I don't know if this is normal or not. His bowl was so tiny. He looks good and he ate well last night. I'm planning to turn the filter back on (undergravel filter) His water is tepid. I haven't gotten the heater/therm yet. Have to get these a few at a time. Also haven't gotten the dechlorinator yet.

Is this a normal happy fish or is he getting sick?


----------



## dramaqueen (Jul 7, 2008)

If he's swimming around and is active, he's ok. He'll settle down when he gets tired. lol I think he's fine.


----------



## sweetviolets (Jul 14, 2009)

Thank you. I was getting worried. Now if I would just get to sleep! lol


----------



## Angelmonster (May 27, 2009)

1) Get a dechlorinator, it is healthier for the fish.
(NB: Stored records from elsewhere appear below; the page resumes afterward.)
text \<open>Here \<open>f i\<close>, \<open>fH\<close> and \<open>u i\<close> stand for \<open>f(c\<^sub>i)\<close>, \<open>f(h)\<close> and \<open>m(c\<^sub>i)\<close>; when all \<open>u i = 1\<close> the
  Euler number forces \<open>fH = 0\<close>.\<close>
lemma fibre_equations_solution:
  fixes u f P Q :: "'i \<Rightarrow> 'a::field" and fH :: 'a
  assumes P: "\<And>i. i \<in> I \<Longrightarrow> P i \<noteq> 0"
    and commutator: "\<And>i. i \<in> I \<Longrightarrow> (u i - 1) * fH = 0"
    and power: "\<And>i. i \<in> I \<Longrightarrow> (if u i = 1 then P i else 0) * f i + Q i * fH = 0"
    and product: "(\<forall>i\<in>I. u i = 1) \<Longrightarrow> (\<Sum>i\<in>I. f i) = 0"
    and euler: "(\<Sum>i\<in>I. Q i / P i) \<noteq> 0"
  shows "fH = 0" and "\<And>i. i \<in> I \<Longrightarrow> u i = 1 \<Longrightarrow> f i = 0"
proof -
  show fH: "fH = 0"
  proof (cases "\<forall>i\<in>I. u i = 1")
    case True
    have "f i = - (Q i / P i) * fH" if "i \<in> I" for i
      using power[OF that] P[OF that] True that by (simp add: field_simps add_eq_0_iff2)
    then have "(\<Sum>i\<in>I. f i) = - (\<Sum>i\<in>I. Q i / P i) * fH"
      by (simp add: sum_distrib_right sum_negf)
    with product[OF True] euler show ?thesis
      by simp
  next
    case False
    then show ?thesis
      using commutator by auto
  qed
  show "f i = 0" if "i \<in> I" "u i = 1" for i
    using power[OF that(1)] P[OF that(1)] that(2) fH by simp
qed

text \<open>The values on \<open>c\<^sub>1, c\<^sub>2, c\<^sub>3\<close> are chosen so that the product relator holds:
  \<open>0 + m(c\<^sub>1) \<cdot> 1 + m(c\<^sub>1) m(c\<^sub>2) \<cdot> (- 1 / m(c\<^sub>2)) = 0\<close>.\<close>
definition exceptional_cocycle :: "(gen \<Rightarrow> 'a::field) \<Rightarrow> word \<Rightarrow> 'a" where
  "exceptional_cocycle m =
     free_crossed_hom m (\<lambda>g. case g of C2 \<Rightarrow> 1 | C3 \<Rightarrow> - inverse (m C2) | _ \<Rightarrow> 0)"

locale seifert_char = character m for m :: "gen \<Rightarrow> 'a::field_char_0" +
  fixes p q :: "nat \<Rightarrow> int"
  assumes fibre_trivial: "m H = 1"
    and relators_trivial: "\<forall>r\<in>relators p q. char_word m r = 1"
    and p_pos: "i \<in> {1,2,3} \<Longrightarrow> p i \<ge> 1"
    and euler_nonzero: "(\<Sum>i\<in>{1,2,3}. of_int (q i) / of_int (p i)) \<noteq> (0::'a)"
begin

lemma crossed_hom_pw_H:
  assumes "crossed_hom m f"
  shows "f (pw H l) = of_int l * f [(H, True)]"
  using crossed_hom_replicate[OF assms] crossed_hom_inverse_letter[OF assms, of H] fibre_trivial
  by (simp add: pw_def)

lemma crossed_hom_commutator_rel:
  assumes "crossed_hom m f"
  shows "f (commutator_rel c) = (m c - 1) * f [(H, True)]"
proof -
  have "f (commutator_rel c) =
      f [(c, True)] + m c * (f [(H, True)] + (f [(c, False)] + inverse (m c) * f [(H, False)]))"
    using crossed_hom_Cons[OF assms, of "(c, True)" "[(H, True), (c, False), (H, False)]"]
      crossed_hom_Cons[OF assms, of "(H, True)" "[(c, False), (H, False)]"]
      crossed_hom_Cons[OF assms, of "(c, False)" "[(H, False)]"] fibre_trivial
    by simp
  also have "\<dots> = (m c - 1) * f [(H, True)]"
    using crossed_hom_inverse_letter[OF assms] fibre_trivial nonzero[of c]
    by (simp add: field_simps)
  finally show ?thesis .
qed

lemma char_word_pw:
  assumes "0 \<le> k"
  shows "char_word m (pw g k) = m g ^ nat k"
  using assms by (simp add: pw_def char_word_replicate)

lemma char_word_pw_H: "char_word m (pw H l) = 1"
  using fibre_trivial by (simp add: pw_def char_word_replicate)

lemma char_root_of_unity:
  assumes "i \<in> {1,2,3}"
  shows "m (cg i) ^ nat (p i) = 1"
  using relators_trivial char_word_pw[of "p i" "cg i"] char_word_pw_H[of "q i"] p_pos[OF assms] assms
  unfolding ball_relators_iff by auto

lemma crossed_hom_power_rel:
  assumes f: "crossed_hom m f" and i: "i \<in> {1,2,3}"
  shows "f (power_rel p q i) =
    (if m (cg i) = 1 then of_int (p i) else 0) * f [(cg i, True)] + of_int (q i) * f [(H, True)]"
proof -
  have "(\<Sum>j<nat (p i). m (cg i) ^ j) = (if m (cg i) = 1 then of_int (p i) else 0)"
    using char_root_of_unity[OF i] p_pos[OF i] by (simp add: sum_gp_strict)
  then show ?thesis
    using crossed_hom_append[OF f, of "pw (cg i) (p i)" "pw H (q i)"]
      crossed_hom_replicate[OF f, of "nat (p i)" "(cg i, True)"] crossed_hom_pw_H[OF f]
      char_word_pw[of "p i"] char_root_of_unity[OF i] p_pos[OF i]
    by (simp add: pw_def)
qed

lemma pi1_crossed_hom_iff:
  "pi1_crossed_hom p q m f \<longleftrightarrow> crossed_hom m f \<and>
    (\<forall>i\<in>{1,2,3}. (m (cg i) - 1) * f [(H, True)] = 0 \<and>
       (if m (cg i) = 1 then of_int (p i) else 0) * f [(cg i, True)] + of_int (q i) * f [(H, True)] = 0) \<and>
    f [(C1, True)] + m C1 * f [(C2, True)] + m C1 * m C2 * f [(C3, True)] = 0"
proof (cases "crossed_hom m f")
  case True
  then show ?thesis
    unfolding pi1_crossed_hom_def ball_relators_iff
    by (simp add: crossed_hom_commutator_rel crossed_hom_power_rel crossed_hom_product)
qed (simp add: pi1_crossed_hom_def)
2) You do not have to wait until the tank matches the temp of your fishes cup. simply float the cup in the water and when the temps match drop him in 

Swimming around means he is happy. some Bettas are lazy and swim maybe once a day. Others swim all the time! One male Betta of mine swims against his currect all day long. He struggles against it but he will get out of it and then go back to the beginning to swim through it again(like a kid and a slide. Up down up down up down).

A female of mine swims around her 5 gallon tank non-stop at times too. Yours is probable exploring his new home and is a bit anxious about the change. He could be like that forever for all you know so just le thim have his fun. Oh and get the dechlorinator!!!!


----------



## sweetviolets (Jul 14, 2009)

Wow, Everyone is so friendly here. Thank you so much. I am definitely getting the dechlorinator. You described above exactly what he is doing. He is going into the current too. He seems fascinated by the bubbler. He also swims to the bottom and floats to the top, right by the bubbler. I think he's at an amusement park! lol I'm relieved that he is not sick. What a hoot to watch!


----------



## Angelmonster (May 27, 2009)

Yeah, no need to worry at all! You are actually lucky you found an active Betta! I was abit worried too when I got my firs tone, Clark. He would swim against the current all day and I always read that Bettas had a personality but HATED currents. Well mine AND yours are an exception then haha.


----------



## Vikki81207 (May 27, 2009)

Yeah he just sounds like an excited, happy fish. I bet he was just so excited about having a bigger, cleaner home that he just had to explore and show you how excited he was.


----------



## sweetviolets (Jul 14, 2009)

Thank you. I love watching him and am glad that he is an active fish.


----------



## dramaqueen (Jul 7, 2008)

Be forewarned! They're addictive! lol


----------



## sweetviolets (Jul 14, 2009)

I see that. I'm already wanting to go and get another fish and tank. We had fun with my son's other betta, Seeking (named for a Pokemon). That fish was like a dog. He used to follow my finger with his head. He also let me gently touch him. Now this betta, Cobalt, is following all of my movements. My other son has bad luck with fish. Every fish he's had never made it past a month or two. He took meticulous care of the fish too. 

Cobalt is still swimming a lot but he definitely has calmed some.


----------



## Jazattackk (Jul 20, 2009)

*Well, if he was neglected and he moved to a nicer home with a live plan (bettas love live plants) He obviously would be excited. Just give him a bit to get used to it, and it's good if your bettas active, that means he's happy and healthy. ;-)*


----------



## sweetviolets (Jul 14, 2009)

Thank you. He's out of the tank now as he has fin rot. Can you get fin rot from a live plant? The plant wasn't doing well.


----------